text \<open>A point where \<open>\<bar>f\<bar>\<close> is minimal works: if \<open>f\<close> changed sign between it and \<open>s\<close>, the minimum would be \<open>0\<close>.\<close>
lemma exists_point_abs_diff_le_abs:
  fixes f :: "real \<Rightarrow> real"
  assumes "a \<le> b" and "continuous_on {a..b} f"
  obtains z where "z \<in> {a..b}" and "\<And>s. s \<in> {a..b} \<Longrightarrow> \<bar>f s - f z\<bar> \<le> \<bar>f s\<bar>"
proof -
  have "continuous_on {a..b} (\<lambda>s. \<bar>f s\<bar>)"
    using assms(2) by (intro continuous_intros)
  then obtain z where z: "z \<in> {a..b}" and min: "\<And>s. s \<in> {a..b} \<Longrightarrow> \<bar>f z\<bar> \<le> \<bar>f s\<bar>"
    using continuous_attains_inf[of "{a..b}" "\<lambda>s. \<bar>f s\<bar>"] assms(1) by auto
  have "\<bar>f s - f z\<bar> \<le> \<bar>f s\<bar>" if s: "s \<in> {a..b}" for s
  proof (cases "0 \<le> f s * f z")
    case True
    with min[OF s] show ?thesis
      by (cases "0 \<le> f s"; cases "0 \<le> f z") (auto simp: zero_le_mult_iff)
  next
    case False
    have "continuous_on (closed_segment s z) f"
      using s z by (auto intro: continuous_on_subset[OF assms(2)] simp: closed_segment_eq_real_ivl)
    moreover from False have "0 \<in> closed_segment (f s) (f z)"
      by (auto simp: closed_segment_eq_real_ivl zero_le_mult_iff)
    ultimately obtain w where w: "w \<in> closed_segment s z" "f w = 0"
      using IVT'_closed_segment_real by blast
    have "w \<in> {a..b}"
      using w(1) s z by (auto simp: closed_segment_eq_real_ivl split: if_splits)
    with min w(2) False show ?thesis by force
  qed
  with z that show ?thesis by blast
qed

lemma has_integral_abs_diff_powr:
  fixes q L z :: real
  assumes "q < 1" and "0 \<le> L"
  shows "((\<lambda>s. \<bar>s - z\<bar> powr - q) has_integral 2 * (L powr (1 - q) / (1 - q))) {z - L..z + L}"
proof -
  have right: "((\<lambda>u. \<bar>u\<bar> powr - q) has_integral L powr (1 - q) / (1 - q)) {0..L}"
    using has_integral_powr_from_0[of "- q" L] assms by (auto intro: has_integral_eq[rotated])
  then have left: "((\<lambda>u. \<bar>u\<bar> powr - q) has_integral L powr (1 - q) / (1 - q)) {- L..0}"
    by (subst has_integral_reflect_real[symmetric]) simp
  have "((\<lambda>u. \<bar>u\<bar> powr - q) has_integral 2 * (L powr (1 - q) / (1 - q))) {- L..L}"
    using has_integral_combine[OF _ _ left right] assms(2) by simp
  from has_integral_shift_real_ivl[OF this, of "- z"] show ?thesis
    by (simp add: add.commute)
qed

lemma nn_integral_abs_powr_neg_le:
  fixes g :: "real \<Rightarrow> real"
  assumes "0 < k" and "0 < \<gamma>" and "p < \<gamma>" and "z \<in> {a..b}"
    and growth: "\<And>s. s \<in> {a..b} \<Longrightarrow> k * \<bar>s - z\<bar> powr p \<le> \<bar>g s\<bar>"
  shows "(\<integral>\<^sup>+ s\<in>{a..b}. ennreal (\<bar>g s\<bar> powr (- 1 / \<gamma>)) \<partial>lborel)
    \<le> ennreal (k powr (- 1 / \<gamma>) * (2 * ((b - a) powr (1 - p / \<gamma>) / (1 - p / \<gamma>))))"
proof -
  define K q L where "K = k powr (- 1 / \<gamma>)" and "q = p / \<gamma>" and "L = b - a"
  have q: "q < 1" and L: "0 \<le> L" and K: "0 < K"
    using assms unfolding K_def q_def L_def by auto
  have pointwise: "\<bar>g s\<bar> powr (- 1 / \<gamma>) \<le> K * \<bar>s - z\<bar> powr - q"
    if "s \<in> {a..b}" "s \<noteq> z" for s
  proof -
    have "\<bar>g s\<bar> powr (- 1 / \<gamma>) \<le> (k * \<bar>s - z\<bar> powr p) powr (- 1 / \<gamma>)"
      using growth[OF that(1)] that(2) assms(1,2) by (intro powr_mono2') auto
    also have "\<dots> = K * \<bar>s - z\<bar> powr - q"
      using assms(1) unfolding K_def q_def by (simp add: powr_mult powr_powr)
    finally show ?thesis .
  qed
  have subset: "{a..b} \<subseteq> {z - L..z + L}"
    using assms(4) unfolding L_def by auto
  have "AE s in lborel. ennreal (\<bar>g s\<bar> powr (- 1 / \<gamma>)) * indicator {a..b} s
      \<le> ennreal (K * \<bar>s - z\<bar> powr - q) * indicator {z - L..z + L} s"
    using AE_lborel_singleton[of z] by eventually_elim
      (use pointwise subset in \<open>auto split: split_indicator intro!: ennreal_leI\<close>)
  then have "(\<integral>\<^sup>+ s\<in>{a..b}. ennreal (\<bar>g s\<bar> powr (- 1 / \<gamma>)) \<partial>lborel)
      \<le> (\<integral>\<^sup>+ s\<in>{z - L..z + L}. ennreal (K * \<bar>s - z\<bar> powr - q) \<partial>lborel)"
    by (rule nn_integral_mono_AE)
  also have "\<dots> = ennreal (K * (2 * (L powr (1 - q) / (1 - q))))"
    using K has_integral_mult_right[OF has_integral_abs_diff_powr[OF q L]]
    by (intro nn_integral_has_integral_lebesgue') auto
  finally show ?thesis
    unfolding K_def q_def L_def .
qed

lemma sqrt_mult_powr_half_le_abs:
  fixes A w y \<alpha> :: real
  assumes "0 \<le> A" and "0 \<le> w" and "A * w powr \<alpha> \<le> y\<^sup>2"
  shows "sqrt A * w powr (\<alpha> / 2) \<le> \<bar>y\<bar>"
proof -
  have "sqrt A * w powr (\<alpha> / 2) = sqrt (A * w powr \<alpha>)"
    using assms(2) by (simp add: real_sqrt_mult powr_half_sqrt[symmetric] powr_powr)
  also have "\<dots> \<le> \<bar>y\<bar>"
    using assms(3) real_sqrt_le_mono by fastforce
  finally show ?thesis .
qed

lemma abs_diff_ge_powr_of_deriv_sq_ge:
  fixes f f' :: "real \<Rightarrow> real"
  assumes "\<theta>1 \<le> t" and "t \<le> x" and "x \<le> \<theta>2" and "0 < A" and "0 \<le> \<alpha>"
    and "continuous_on {t..x} f" and "continuous_on {t<..<x} f'"
    and "\<And>s. t < s \<Longrightarrow> s < x \<Longrightarrow> (f has_real_derivative f' s) (at s)"
    and "(\<forall>s\<in>{t<..<x}. A * (s - \<theta>1) powr \<alpha> \<le> (f' s)\<^sup>2)
      \<or> (\<forall>s\<in>{t<..<x}. A * (\<theta>2 - s) powr \<alpha> \<le> (f' s)\<^sup>2)"
  shows "sqrt A / (\<alpha> / 2 + 1) * (x - t) powr (\<alpha> / 2 + 1) \<le> \<bar>f x - f t\<bar>"
proof (rule abs_diff_ge_powr_of_abs_deriv_ge)
  have mono: "sqrt A * u powr (\<alpha> / 2) \<le> sqrt A * v powr (\<alpha> / 2)" if "0 \<le> u" "u \<le> v" for u v
    using that assms(4,5) by (intro mult_left_mono powr_mono2) auto
  show "(\<forall>s\<in>{t<..<x}. sqrt A * (s - t) powr (\<alpha> / 2) \<le> \<bar>f' s\<bar>)
      \<or> (\<forall>s\<in>{t<..<x}. sqrt A * (x - s) powr (\<alpha> / 2) \<le> \<bar>f' s\<bar>)"
    using assms(9)
  proof (elim disjE)
    assume "\<forall>s\<in>{t<..<x}. A * (s - \<theta>1) powr \<alpha> \<le> (f' s)\<^sup>2"
    then have "sqrt A * (s - t) powr (\<alpha> / 2) \<le> \<bar>f' s\<bar>" if "s \<in> {t<..<x}" for s
      using that assms(1,4)
      by (intro order_trans[OF mono[of "s - t" "s - \<theta>1"] sqrt_mult_powr_half_le_abs]) auto
    then show ?thesis by blast
  next
    assume "\<forall>s\<in>{t<..<x}. A * (\<theta>2 - s) powr \<alpha> \<le> (f' s)\<^sup>2"
    then have "sqrt A * (x - s) powr (\<alpha> / 2) \<le> \<bar>f' s\<bar>" if "s \<in> {t<..<x}" for s
      using that assms(3,4)
      by (intro order_trans[OF mono[of "x - s" "\<theta>2 - s"] sqrt_mult_powr_half_le_abs]) auto
    then show ?thesis by blast
  qed
qed (use assms in auto)

lemma nn_integral_abs_powr_neg_le_of_deriv_sq_ge:
  fixes f f' :: "real \<Rightarrow> real"
  assumes deriv: "\<forall>s\<in>{\<theta>1..\<theta>2}. (f has_real_derivative f' s) (at s within {\<theta>1..\<theta>2})"
    and cont': "continuous_on {\<theta>1..\<theta>2} f'"
    and ab: "\<theta>1 \<le> a" "a \<le> b" "b \<le> \<theta>2"
    and bound: "(\<forall>s\<in>{a..b}. A * (s - \<theta>1) powr \<alpha> \<le> (f' s)\<^sup>2)
      \<or> (\<forall>s\<in>{a..b}. A * (\<theta>2 - s) powr \<alpha> \<le> (f' s)\<^sup>2)"
    and "0 < A" and "0 \<le> \<alpha>" and "\<alpha> / 2 + 1 < \<gamma>"
  shows "(\<integral>\<^sup>+ s\<in>{a..b}. ennreal (\<bar>f s\<bar> powr (- 1 / \<gamma>)) \<partial>lborel)
    \<le> ennreal ((sqrt A / (\<alpha> / 2 + 1)) powr (- 1 / \<gamma>)
         * (2 * ((\<theta>2 - \<theta>1) powr (1 - (\<alpha> / 2 + 1) / \<gamma>) / (1 - (\<alpha> / 2 + 1) / \<gamma>))))"
proof -
  define p k where "p = \<alpha> / 2 + 1" and "k = sqrt A / p"
  have p: "0 < p" "p < \<gamma>" and k: "0 < k"
    using assms(7-9) unfolding p_def k_def by auto
  have cont: "continuous_on {a..b} f"
    using continuous_on_subset[OF DERIV_continuous_on] deriv ab by fastforce
  have deriv_at: "(f has_real_derivative f' s) (at s)" if "a < s" "s < b" for s
    using deriv[rule_format, of s] that ab at_within_interior[of s "{\<theta>1..\<theta>2}"] by auto
  have growth: "k * (x - t) powr p \<le> \<bar>f x - f t\<bar>" if "a \<le> t" "t \<le> x" "x \<le> b" for t x
    unfolding k_def p_def using that ab bound assms(7,8)
    by (intro abs_diff_ge_powr_of_deriv_sq_ge[of \<theta>1 t x \<theta>2 A \<alpha> f f'])
      (auto intro: continuous_on_subset[OF cont] continuous_on_subset[OF cont'] deriv_at)
  obtain z where z: "z \<in> {a..b}" and near: "\<And>s. s \<in> {a..b} \<Longrightarrow> \<bar>f s - f z\<bar> \<le> \<bar>f s\<bar>"
    using exists_point_abs_diff_le_abs[OF ab(2) cont] by blast
  have "k * \<bar>s - z\<bar> powr p \<le> \<bar>f s\<bar>" if "s \<in> {a..b}" for s
    using growth[of z s] growth[of s z] near[OF that] z that
    by (cases "z \<le> s") (auto simp: abs_minus_commute)
  then have "(\<integral>\<^sup>+ s\<in>{a..b}. ennreal (\<bar>f s\<bar> powr (- 1 / \<gamma>)) \<partial>lborel)
      \<le> ennreal (k powr (- 1 / \<gamma>) * (2 * ((b - a) powr (1 - p / \<gamma>) / (1 - p / \<gamma>))))"
    using k p z by (intro nn_integral_abs_powr_neg_le) auto
  also have "\<dots> \<le> ennreal (k powr (- 1 / \<gamma>) * (2 * ((\<theta>2 - \<theta>1) powr (1 - p / \<gamma>) / (1 - p / \<gamma>))))"
    using k p ab by (intro ennreal_leI mult_left_mono divide_right_mono powr_mono2) auto
  finally show ?thesis
    unfolding k_def p_def .
qed

theorem lemma3p4:
  fixes \<theta>1 \<theta>2 \<gamma> A \<alpha> :: real
  assumes "\<theta>1 < \<theta>2" and "\<gamma> > 1" and "A > 0" and "\<alpha> > 0" and "\<alpha> < 2 * \<gamma> - 2"
  shows "\<exists>C>0. \<forall>(f :: real \<Rightarrow> real) (f' :: real \<Rightarrow> real) (a :: real) (b :: real).
           (\<forall>s\<in>{\<theta>1..\<theta>2}. (f has_real_derivative f' s) (at s within {\<theta>1..\<theta>2}))
         \<and> continuous_on {\<theta>1..\<theta>2} f'
         \<and> \<theta>1 \<le> a \<and> a \<le> b \<and> b \<le> \<theta>2
         \<and> ((\<forall>s\<in>{a..b}. (f' s)\<^sup>2 \<ge> A * (s - \<theta>1) powr \<alpha>)
            \<or> (\<forall>s\<in>{a..b}. (f' s)\<^sup>2 \<ge> A * (\<theta>2 - s) powr \<alpha>))
         \<longrightarrow> (\<integral>\<^sup>+ s\<in>{a..b}. ennreal (\<bar>f s\<bar> powr (- 1 / \<gamma>)) \<partial>lborel) \<le> ennreal C"
proof -
  define p where "p = \<alpha> / 2 + 1"
  define C where
    "C = (sqrt A / p) powr (- 1 / \<gamma>) * (2 * ((\<theta>2 - \<theta>1) powr (1 - p / \<gamma>) / (1 - p / \<gamma>)))"
  have "0 \<le> \<alpha>" "0 < p" "p < \<gamma>"
    using assms unfolding p_def by auto
  then have "0 < C"
    using assms unfolding C_def by (simp add: field_simps)
  with \<open>0 \<le> \<alpha>\<close> \<open>p < \<gamma>\<close> show ?thesis
    using nn_integral_abs_powr_neg_le_of_deriv_sq_ge[of \<theta>1 \<theta>2 _ _ _ _ A \<alpha> \<gamma>] assms(3)
    unfolding C_def p_def by blast
qed

end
—————
In the listing above, the lines from the one containing "proof (rule abs_diff_ge_powr_of_abs_deriv_ge)" through the one containing "using that assms(1,4)" must be set down exactly, with no other lines.

§ **EXERCISE RESULT**:
proof (rule abs_diff_ge_powr_of_abs_deriv_ge)
  have mono: "sqrt A * u powr (\<alpha> / 2) \<le> sqrt A * v powr (\<alpha> / 2)" if "0 \<le> u" "u \<le> v" for u v
    using that assms(4,5) by (intro mult_left_mono powr_mono2) auto
  show "(\<forall>s\<in>{t<..<x}. sqrt A * (s - t) powr (\<alpha> / 2) \<le> \<bar>f' s\<bar>)
      \<or> (\<forall>s\<in>{t<..<x}. sqrt A * (x - s) powr (\<alpha> / 2) \<le> \<bar>f' s\<bar>)"
    using assms(9)
  proof (elim disjE)
    assume "\<forall>s\<in>{t<..<x}. A * (s - \<theta>1) powr \<alpha> \<le> (f' s)\<^sup>2"
    then have "sqrt A * (s - t) powr (\<alpha> / 2) \<le> \<bar>f' s\<bar>" if "s \<in> {t<..<x}" for s
      using that assms(1,4)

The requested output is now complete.